ACTION ITEM:
Search the lines of the records for the word "cong", and copy every line that has it.

(Source data)
━━━━━━━━━━━━━━━━━━━━━━━━━━━━━━

(* Let $\Sigma=(X,U,F)$ be a system, $Q\subset X$ a controlled invariant set, and $V\subset U$ a finite cover of $Q$. Assume in addition: (C.1) $Q_a\cap Q_b=\emptyset$ for all distinct $a,b\in V$; (C.2) for all $a,b\in V$ with $M_{ab}=1$ there exists $K\subset Q_a$ such that $Q_b\subset F(K,a)$; (C.3) $Q_c=\emptyset$ for every $c\in U\setminus V$. Then $h_{inv}(Q)=\log\rho(M_{Q,V})$, where $\rho$ denotes the spectral radius and $M_{Q,V}=(M_{ab})$.
   Context: A system is a triple $\Sigma=(X,U,F)$ where $X,U$ are nonempty sets and $F:X\times U\rightrightarrows X$ is a set-valued map with $F(x,u)\neq\emptyset$ for all $(x,u)$; for $A\subset X$, $F(A,u)=\bigcup_{x\in A}F(x,u)$. $Q\subset X$ is controlled invariant if for every $x\in Q$ there is $u\in U$ with $F(x,u)\subset Q$. For $u\in U$ put $Q_u=\{x\in Q:F(x,u)\subset Q\}$. Elements of $U^n$ are written $\omega=\omega_0\cdots\omega_{n-1}$, $\omega_{[0,i]}=\omega_0\cdots\omega_i$. A set $S\subset U^n$ is an admissible family of length $n$ for $Q$ if (a) $\omega'_0=\omega''_0$ for all $\omega',\omega''\in S$, and (b) there exists $x\in Q$ such that for every $\omega\in S$, with $I^0_\omega(x)=\{x\}$: for all $i=0,\dots,n-2$, $F(I^i_\omega(x),\omega_i)\subset\bigcup_{\omega'\in S,\ \omega'_{[0,i]}=\omega_{[0,i]}}Q_{\omega'_{i+1}}$ and $I^{i+1}_\omega(x):=F(I^i_\omega(x),\omega_i)\cap Q_{\omega_{i+1}}\neq\emptyset$; and $I^n_\omega(x):=F(I^{n-1}_\omega(x),\omega_{n-1})\subset Q$. Let $AF^n(Q)$ be the set of such families and $Q_S$ the set of $x\in Q$ satisfying (b). A set $\mathscr{S}\subset U^n$ is $(n,Q)$-spanning if $Q\subset\bigcup_{S\subset\mathscr{S},\,S\in AF^n(Q)}Q_S$; $r_{inv}(n,Q)$ is the infimum of $\sharp\mathscr{S}$ over such sets, and $h_{inv}(Q)=\limsup_{n\to\infty}\frac1n\log r_{inv}(n,Q)$ ($\log$ base $2$). A set $V\subset U$ is a cover of $Q$ if $Q\subset\bigcup_{a\in V}Q_a$. The admissible matrix $M_{Q,V}=(M_{ab})_{a,b\in V}$ has $M_{ab}=1$ if there exists $x\in Q_a$ with $F(x,a)\cap Q_b\neq\emptyset$, and $M_{ab}=0$ otherwise. *)

theory Defs
  imports "Jordan_Normal_Form.Spectral_Radius" "HOL-Library.Extended_Real" "HOL-Library.Liminf_Limsup"
begin

definition is_system :: "'x set \<Rightarrow> 'u set \<Rightarrow> ('x \<Rightarrow> 'u \<Rightarrow> 'x set) \<Rightarrow> bool" where
  "is_system X U F \<longleftrightarrow> X \<noteq> {} \<and> U \<noteq> {} \<and>
     (\<forall>x\<in>X. \<forall>u\<in>U. F x u \<noteq> {} \<and> F x u \<subseteq> X)"

definition Img :: "('x \<Rightarrow> 'u \<Rightarrow> 'x set) \<Rightarrow> 'x set \<Rightarrow> 'u \<Rightarrow> 'x set" where
  "Img F A u = (\<Union>x\<in>A. F x u)"

definition controlled_invariant :: "'x set \<Rightarrow> 'u set \<Rightarrow> ('x \<Rightarrow> 'u \<Rightarrow> 'x set) \<Rightarrow> 'x set \<Rightarrow> bool" where
  "controlled_invariant X U F Q \<longleftrightarrow> Q \<subseteq> X \<and> (\<forall>x\<in>Q. \<exists>u\<in>U. F x u \<subseteq> Q)"

definition Qsub :: "('x \<Rightarrow> 'u \<Rightarrow> 'x set) \<Rightarrow> 'x set \<Rightarrow> 'u \<Rightarrow> 'x set" where
  "Qsub F Q u = {x \<in> Q. F x u \<subseteq> Q}"

definition words :: "'u set \<Rightarrow> nat \<Rightarrow> 'u list set" where
  "words U n = {w. length w = n \<and> set w \<subseteq> U}"

fun Iset :: "('x \<Rightarrow> 'u \<Rightarrow> 'x set) \<Rightarrow> 'x set \<Rightarrow> 'u list \<Rightarrow> 'x \<Rightarrow> nat \<Rightarrow> 'x set" where
  "Iset F Q w x 0 = {x}"
| "Iset F Q w x (Suc i) =
     (if Suc i < length w then Img F (Iset F Q w x i) (w ! i) \<inter> Qsub F Q (w ! Suc i)
      else Img F (Iset F Q w x i) (w ! i))"

definition adm_point :: "('x \<Rightarrow> 'u \<Rightarrow> 'x set) \<Rightarrow> 'x set \<Rightarrow> nat \<Rightarrow> 'u list set \<Rightarrow> 'x \<Rightarrow> bool" where
  "adm_point F Q n S x \<longleftrightarrow> x \<in> Q \<and>
     (\<forall>w\<in>S.
        (\<forall>i. i + 2 \<le> n \<longrightarrow>
           Img F (Iset F Q w x i) (w ! i)
             \<subseteq> (\<Union>w'\<in>{w' \<in> S. take (Suc i) w' = take (Suc i) w}. Qsub F Q (w' ! Suc i))
           \<and> Iset F Q w x (Suc i) \<noteq> {})
        \<and> Iset F Q w x n \<subseteq> Q)"

definition admissible_family :: "'u set \<Rightarrow> ('x \<Rightarrow> 'u \<Rightarrow> 'x set) \<Rightarrow> 'x set \<Rightarrow> nat \<Rightarrow> 'u list set \<Rightarrow> bool" where
  "admissible_family U F Q n S \<longleftrightarrow> S \<noteq> {} \<and> S \<subseteq> words U n \<and>
     (\<forall>w'\<in>S. \<forall>w''\<in>S. w' ! 0 = w'' ! 0) \<and> (\<exists>x. adm_point F Q n S x)"

definition QS :: "('x \<Rightarrow> 'u \<Rightarrow> 'x set) \<Rightarrow> 'x set \<Rightarrow> nat \<Rightarrow> 'u list set \<Rightarrow> 'x set" where
  "QS F Q n S = {x. adm_point F Q n S x}"

definition spanning :: "'u set \<Rightarrow> ('x \<Rightarrow> 'u \<Rightarrow> 'x set) \<Rightarrow> 'x set \<Rightarrow> nat \<Rightarrow> 'u list set \<Rightarrow> bool" where
  "spanning U F Q n L \<longleftrightarrow> L \<subseteq> words U n \<and>
     Q \<subseteq> (\<Union>S\<in>{S. S \<subseteq> L \<and> admissible_family U F Q n S}. QS F Q n S)"

definition r_inv :: "'u set \<Rightarrow> ('x \<Rightarrow> 'u \<Rightarrow> 'x set) \<Rightarrow> 'x set \<Rightarrow> nat \<Rightarrow> enat" where
  "r_inv U F Q n = Inf ((\<lambda>L. if finite L then enat (card L) else \<infinity>) ` {L. spanning U F Q n L})"

definition elog2 :: "real \<Rightarrow> ereal" where
  "elog2 r = (if r \<le> 0 then -\<infinity> else ereal (log 2 r))"

definition elog2_enat :: "enat \<Rightarrow> ereal" where
  "elog2_enat k = (case k of enat m \<Rightarrow> elog2 (real m) | \<infinity> \<Rightarrow> \<infinity>)"

definition h_inv :: "'u set \<Rightarrow> ('x \<Rightarrow> 'u \<Rightarrow> 'x set) \<Rightarrow> 'x set \<Rightarrow> ereal" where
  "h_inv U F Q = limsup (\<lambda>n. elog2_enat (r_inv U F Q n) / ereal (real n))"

definition cover :: "('x \<Rightarrow> 'u \<Rightarrow> 'x set) \<Rightarrow> 'x set \<Rightarrow> 'u set \<Rightarrow> bool" where
  "cover F Q V \<longleftrightarrow> Q \<subseteq> (\<Union>a\<in>V. Qsub F Q a)"

definition adm_entry :: "('x \<Rightarrow> 'u \<Rightarrow> 'x set) \<Rightarrow> 'x set \<Rightarrow> 'u \<Rightarrow> 'u \<Rightarrow> nat" where
  "adm_entry F Q a b = (if \<exists>x\<in>Qsub F Q a. F x a \<inter> Qsub F Q b \<noteq> {} then 1 else 0)"

text \<open>The admissible matrix as a complex (card V x card V) matrix, rows/columns indexed
  through an (arbitrary) enumeration of V; the spectral radius does not depend on it.\<close>
definition adm_matrix :: "('x \<Rightarrow> 'u \<Rightarrow> 'x set) \<Rightarrow> 'x set \<Rightarrow> 'u set \<Rightarrow> complex mat" where
  "adm_matrix F Q V =
     (let e = (SOME e. bij_betw e {0..<card V} V)
      in mat (card V) (card V) (\<lambda>(i, j). of_nat (adm_entry F Q (e i) (e j))))"

end

(*
  Under (C.1) and (C.3) every point of Q lies in Q_a for exactly one control a, so the state
  determines the only control that keeps the system in Q.  Hence, for n >= 2, r_inv(n,Q) is
  the number of walks of length n in the graph of the admissible matrix M = M_{Q,V}:
  - every walk is the control word of some trajectory, built backwards from its last letter
    with (C.2); an admissible family at the starting point of that trajectory has to follow it
    letter by letter, so every (n,Q)-spanning set contains all walks;
  - conversely, for x in Q the words of length n read along trajectories from x form an
    admissible family at x (partial trajectories are prolonged since V covers Q), so the set
    of walks is itself (n,Q)-spanning.
  The number of walks of length k+1 is the sum of the entries of M^k.  This sum is at least
  rho(M)^k, by an eigenvector of an eigenvalue of maximal modulus, and it is O(t^k) for every
  t > rho(M), by the Jordan normal form bound for the powers of M/t.
*)

theory Submission
  imports Defs
begin

section \<open>Walks and adjacency matrices\<close>

definition walks :: "'a set \<Rightarrow> ('a \<Rightarrow> 'a \<Rightarrow> bool) \<Rightarrow> nat \<Rightarrow> 'a list set" where
  "walks V R n = {w. length w = n \<and> set w \<subseteq> V \<and> successively R w}"

definition adjacency_mat :: "nat \<Rightarrow> (nat \<Rightarrow> 'a) \<Rightarrow> ('a \<Rightarrow> 'a \<Rightarrow> bool) \<Rightarrow> 'b :: semiring_1 mat" where
  "adjacency_mat N e R = mat N N (\<lambda>(i, j). of_bool (R (e i) (e j)))"

lemma dim_adjacency_mat [simp]:
  "dim_row (adjacency_mat N e R) = N" "dim_col (adjacency_mat N e R) = N"
  by (simp_all add: adjacency_mat_def)

lemma finite_walks: "finite V \<Longrightarrow> finite (walks V R n)"
  by (rule finite_subset[OF _ finite_lists_length_eq[of V n]]) (auto simp: walks_def)

lemma walks_Suc_0: "walks V R (Suc 0) = (\<lambda>a. [a]) ` V"
  by (auto simp: walks_def length_Suc_conv)

lemma walks_Suc_Suc_ending:
  assumes "c \<in> V"
  shows "{w \<in> walks V R (Suc (Suc k)). hd w = a \<and> last w = c} =
    (\<lambda>w. w @ [c]) ` (\<Union>b\<in>{b \<in> V. R b c}. {w \<in> walks V R (Suc k). hd w = a \<and> last w = b})"
proof (intro equalityI subsetI)
  fix w assume w: "w \<in> {w \<in> walks V R (Suc (Suc k)). hd w = a \<and> last w = c}"
  define v where "v = butlast w"
  have "w \<noteq> []" using w by (auto simp: walks_def)
  then have wv: "w = v @ [c]" using w append_butlast_last_id[of w] by (simp add: v_def)
  have "v \<noteq> []" using w wv by (auto simp: walks_def)
  moreover have "set v \<subseteq> V" using w wv by (auto simp: walks_def)
  ultimately have "last v \<in> V" using last_in_set by blast
  then show "w \<in> (\<lambda>w. w @ [c]) ` (\<Union>b\<in>{b \<in> V. R b c}. {w \<in> walks V R (Suc k). hd w = a \<and> last w = b})"
    using w wv \<open>v \<noteq> []\<close> by (auto simp: walks_def successively_append_iff intro!: image_eqI[of _ _ v])
next
  fix w assume "w \<in> (\<lambda>w. w @ [c]) ` (\<Union>b\<in>{b \<in> V. R b c}. {w \<in> walks V R (Suc k). hd w = a \<and> last w = b})"
  then obtain v where "w = v @ [c]" "v \<in> walks V R (Suc k)" "hd v = a" "R (last v) c" "last v \<in> V"
    by auto
  moreover from this have "v \<noteq> []" by (auto simp: walks_def)
  ultimately show "w \<in> {w \<in> walks V R (Suc (Suc k)). hd w = a \<and> last w = c}"
    using assms by (auto simp: walks_def successively_append_iff)
qed

lemma card_walks_Suc_Suc_ending:
  assumes "finite V" "c \<in> V"
  shows "card {w \<in> walks V R (Suc (Suc k)). hd w = a \<and> last w = c} =
    (\<Sum>b\<in>V. card {w \<in> walks V R (Suc k). hd w = a \<and> last w = b} * of_bool (R b c))"
proof -
  have "card {w \<in> walks V R (Suc (Suc k)). hd w = a \<and> last w = c} =
      card (\<Union>b\<in>{b \<in> V. R b c}. {w \<in> walks V R (Suc k). hd w = a \<and> last w = b})"
    unfolding walks_Suc_Suc_ending[OF assms(2)] by (rule card_image) (auto simp: inj_on_def)
  also have "\<dots> = (\<Sum>b\<in>{b \<in> V. R b c}. card {w \<in> walks V R (Suc k). hd w = a \<and> last w = b})"
    using assms(1) by (intro card_UN_disjoint) (auto simp: finite_walks)
  also have "\<dots> = (\<Sum>b\<in>V. if R b c then card {w \<in> walks V R (Suc k). hd w = a \<and> last w = b} else 0)"
    by (rule sum.inter_filter[OF assms(1)])
  also have "\<dots> = (\<Sum>b\<in>V. card {w \<in> walks V R (Suc k). hd w = a \<and> last w = b} * of_bool (R b c))"
    by (intro sum.cong) auto
  finally show ?thesis .
qed

lemma adjacency_mat_pow_entry:
  assumes e: "bij_betw e {0..<N} V" and "i < N" "j < N"
  shows "(adjacency_mat N e R ^\<^sub>m k :: 'b :: semiring_1 mat) $$ (i, j) =
    of_nat (card {w \<in> walks V R (Suc k). hd w = e i \<and> last w = e j})"
  using \<open>j < N\<close>
proof (induction k arbitrary: j)
  case 0
  have "e i = e j \<longleftrightarrow> i = j"
    using e \<open>i < N\<close> 0 by (auto simp: bij_betw_def inj_on_def)
  moreover have "e i \<in> V" using e \<open>i < N\<close> by (auto simp: bij_betw_def)
  moreover have "{w \<in> walks V R (Suc 0). hd w = a \<and> last w = b} = (if a = b \<and> a \<in> V then {[a]} else {})"
    for a b by (auto simp: walks_Suc_0)
  ultimately show ?case
    using \<open>i < N\<close> 0 by (simp add: adjacency_mat_def)
next
  case (Suc k j)
  let ?A = "adjacency_mat N e R :: 'b mat"
  let ?c = "\<lambda>b. card {w \<in> walks V R (Suc k). hd w = e i \<and> last w = b}"
  have fin: "finite V" using e bij_betw_finite by blast
  have "(?A ^\<^sub>m Suc k) $$ (i, j) = (\<Sum>l = 0..<N. (?A ^\<^sub>m k) $$ (i, l) * ?A $$ (l, j))"
    using \<open>i < N\<close> Suc.prems by (simp add: adjacency_mat_def index_mult_mat scalar_prod_def)
  also have "\<dots> = (\<Sum>l = 0..<N. of_nat (?c (e l) * of_bool (R (e l) (e j))))"
    using Suc by (intro sum.cong) (auto simp: adjacency_mat_def)
  also have "\<dots> = of_nat (\<Sum>b\<in>V. ?c b * of_bool (R b (e j)))"
    by (simp add: sum.reindex_bij_betw[OF e, of "\<lambda>b. ?c b * of_bool (R b (e j))", symmetric])
  also have "\<dots> = of_nat (card {w \<in> walks V R (Suc (Suc k)). hd w = e i \<and> last w = e j})"
    using card_walks_Suc_Suc_ending[OF fin] e Suc.prems by (auto simp: bij_betw_def)
  finally show ?case .
qed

━━━━━━━━━━━━━━━━━━━━━━━━━━━━━━

ANSWER BELOW:
    by (intro sum.cong) auto
    using Suc by (intro sum.cong) (auto simp: adjacency_mat_def)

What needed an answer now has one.